Back in the warmth of his bed, Romachkin saw the little room enlarge, the light burn ten times brighter.

“I was just falling asleep, Kostia, over this hodgepodge in the papers: parachutists, executions, chess tournaments, planets … Absolute madness. Life, I suppose. How handsome and healthy you look, Kostia. It’s wonderful to see you … As for me, things are going extremely well. I’ve had a promotion at the Trust, I go to Party meetings, I have a friend, a remarkable proletarian with the brain of a physicist … We discuss the structure of the universe.”

“The structure of the universe,” Kostia repeated in a singsong voice. Too big for the cramped little room, he kept turning round and round.

“You haven’t changed a bit, Romachkin. I bet the same anemic fleas feed on you at night.”

“You’re right,” said Romachkin, with a happy little laugh.

Kostia pushed him back against the wall and sat down on the bed.

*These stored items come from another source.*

(* Let ${\bf p}=({\bf p}_1,\dots,{\bf p}_n)$ and ${\bf q}=({\bf q}_1,\dots,{\bf q}_m)$ be configurations in $\mathbb R^d$ such that the affine span of ${\bf p}$ is $\mathbb R^d$ and the affine span of ${\bf q}$ is $\mathbb R^d$. (a) If the framework $(K(n,m),{\bf p},{\bf q})$ has an equilibrium stress whose stress matrix $\Omega$ is positive semidefinite of rank $n+m-d-1$, then $(K(n,m),{\bf p},{\bf q})$ is super stable and universally rigid. (b) If $(K(n,m),{\bf p},{\bf q})$ is dimensionally rigid, then it is universally rigid.
   Context: $(K(n,m),{\bf p},{\bf q})$ is the framework with bars joining ${\bf p}_i$ to ${\bf q}_j$ for all $i,j$ (vertices indexed $1,\dots,N$, $N=n+m$). An equilibrium stress of a framework $(G,{\bf p})$ is an assignment of scalars $\omega_{ij}=\omega_{ji}$ to the edges ($\omega_{ij}=0$ for non-edges) with $\sum_i\omega_{ij}({\bf p}_i-{\bf p}_j)=0$ for every vertex $j$; its stress matrix $\Omega$ is the $N\times N$ symmetric matrix with off-diagonal entries $-\omega_{ij}$ and diagonal entries chosen so all row sums are zero. A framework is universally rigid if every configuration in any $\mathbb R^D$ with the same edge lengths has all pairwise distances equal to those of the original. A framework whose affine span has dimension $d'$ is dimensionally rigid if every configuration in any $\mathbb R^D$ with the same edge lengths has affine span of dimension at most $d'$. Nonzero vectors ${\bf v}_1,\dots,{\bf v}_k\in\mathbb R^d$ lie on a conic at infinity if there is a nonzero symmetric $d\times d$ matrix $Q$ with ${\bf v}_i^tQ{\bf v}_i=0$ for all $i$. A framework with $N$ vertices whose affine span is $\mathbb R^d$ is super stable if it has an equilibrium stress with positive semidefinite stress matrix of rank $N-d-1$ and its edge vectors ${\bf p}_i-{\bf p}_j$ do not lie on a conic at infinity. *)

theory Defs
  imports "HOL-Analysis.Analysis" "Jordan_Normal_Form.DL_Rank"
begin

text \<open>Frameworks on the vertex set {0..<N} (vertex i of the paper is i-1 here),
  with an edge predicate E and a configuration P.\<close>

definition bip_edge :: "nat \<Rightarrow> nat \<Rightarrow> nat \<Rightarrow> nat \<Rightarrow> bool" where
  "bip_edge n m i j \<longleftrightarrow> (i < n \<and> n \<le> j \<and> j < n + m) \<or> (j < n \<and> n \<le> i \<and> i < n + m)"

definition bip_conf :: "nat \<Rightarrow> (nat \<Rightarrow> 'a) \<Rightarrow> (nat \<Rightarrow> 'a) \<Rightarrow> nat \<Rightarrow> 'a" where
  "bip_conf n p q i = (if i < n then p i else q (i - n))"

definition is_equilibrium_stress ::
  "nat \<Rightarrow> (nat \<Rightarrow> nat \<Rightarrow> bool) \<Rightarrow> (nat \<Rightarrow> 'a::real_vector) \<Rightarrow> (nat \<Rightarrow> nat \<Rightarrow> real) \<Rightarrow> bool" where
  "is_equilibrium_stress N E P \<omega> \<longleftrightarrow>
     (\<forall>i<N. \<forall>j<N. \<omega> i j = \<omega> j i) \<and>
     (\<forall>i<N. \<forall>j<N. \<not> E i j \<longrightarrow> \<omega> i j = 0) \<and>
     (\<forall>j<N. (\<Sum>i<N. \<omega> i j *\<^sub>R (P i - P j)) = 0)"

definition stress_matrix :: "nat \<Rightarrow> (nat \<Rightarrow> nat \<Rightarrow> real) \<Rightarrow> real mat" where
  "stress_matrix N \<omega> =
     mat N N (\<lambda>(i, j). if i = j then (\<Sum>k\<in>{..<N} - {i}. \<omega> i k) else - \<omega> i j)"

definition psd_mat :: "nat \<Rightarrow> real mat \<Rightarrow> bool" where
  "psd_mat N A \<longleftrightarrow> A \<in> carrier_mat N N \<and>
     (\<forall>i<N. \<forall>j<N. A $$ (i, j) = A $$ (j, i)) \<and>
     (\<forall>x :: nat \<Rightarrow> real. 0 \<le> (\<Sum>i<N. \<Sum>j<N. x i * A $$ (i, j) * x j))"

definition on_conic_at_infinity :: "(real^'d) set \<Rightarrow> bool" where
  "on_conic_at_infinity V \<longleftrightarrow>
     (\<exists>Q :: real^'d^'d. Q \<noteq> 0 \<and> transpose Q = Q \<and> (\<forall>v\<in>V. v \<bullet> (Q *v v) = 0))"

definition super_stable :: "nat \<Rightarrow> (nat \<Rightarrow> nat \<Rightarrow> bool) \<Rightarrow> (nat \<Rightarrow> real^'d) \<Rightarrow> bool" where
  "super_stable N E P \<longleftrightarrow>
     affine hull (P ` {..<N}) = UNIV \<and>
     (\<exists>\<omega>. is_equilibrium_stress N E P \<omega> \<and> psd_mat N (stress_matrix N \<omega>) \<and>
          vec_space.rank N (stress_matrix N \<omega>) = N - CARD('d) - 1) \<and>
     \<not> on_conic_at_infinity {P i - P j | i j. i < N \<and> j < N \<and> E i j \<and> P i \<noteq> P j}"

text \<open>Points of R^D are represented as functions nat => real, of which only the
  coordinates 0..<D are used.\<close>
definition sqd :: "nat \<Rightarrow> (nat \<Rightarrow> real) \<Rightarrow> (nat \<Rightarrow> real) \<Rightarrow> real" where
  "sqd D x y = (\<Sum>k<D. (x k - y k)^2)"

definition universally_rigid :: "nat \<Rightarrow> (nat \<Rightarrow> nat \<Rightarrow> bool) \<Rightarrow> (nat \<Rightarrow> 'a::real_normed_vector) \<Rightarrow> bool" where
  "universally_rigid N E P \<longleftrightarrow>
     (\<forall>(D::nat) (x :: nat \<Rightarrow> nat \<Rightarrow> real).
        (\<forall>i<N. \<forall>j<N. E i j \<longrightarrow> sqd D (x i) (x j) = (norm (P i - P j))^2) \<longrightarrow>
        (\<forall>i<N. \<forall>j<N. sqd D (x i) (x j) = (norm (P i - P j))^2))"

text \<open>Dimension of the affine span of x_0,...,x_{N-1} in R^D: the dimension of the span
  of x_i - x_0, i.e. the rank of the D x N matrix with these columns (-1 if N = 0).\<close>
definition conf_aff_dim :: "nat \<Rightarrow> nat \<Rightarrow> (nat \<Rightarrow> nat \<Rightarrow> real) \<Rightarrow> int" where
  "conf_aff_dim D N x =
     (if N = 0 then -1 else int (vec_space.rank D (mat D N (\<lambda>(k, i). x i k - x 0 k))))"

His tousled hair, in which the chestnut lights looked russet, his aggressive dark eyes, his big, slightly asymmetrical mouth, bent over Romachkin.

“I don’t know where I’m going, but I’m going somewhere. If the coming war doesn’t change us all into carrion, old man, I don’t know what we are going to do, but it will be fabulous. If we die, we’ll make the earth bear such a crop as was never heard of. I haven’t a kopeck, of course; my soles are worn through and more, of course … And so on. But I am happy.”

“Love?”

“Of course.”

Kostia’s laughter shook the bed, shook Romachkin from his toes to his eyebrows, made the wall tremble, echoed through the room in golden waves.

“Don’t let it frighten you, old brother, if I seem drunk. I’m drunker yet when I haven’t had anything to eat, but then I sometimes go mad …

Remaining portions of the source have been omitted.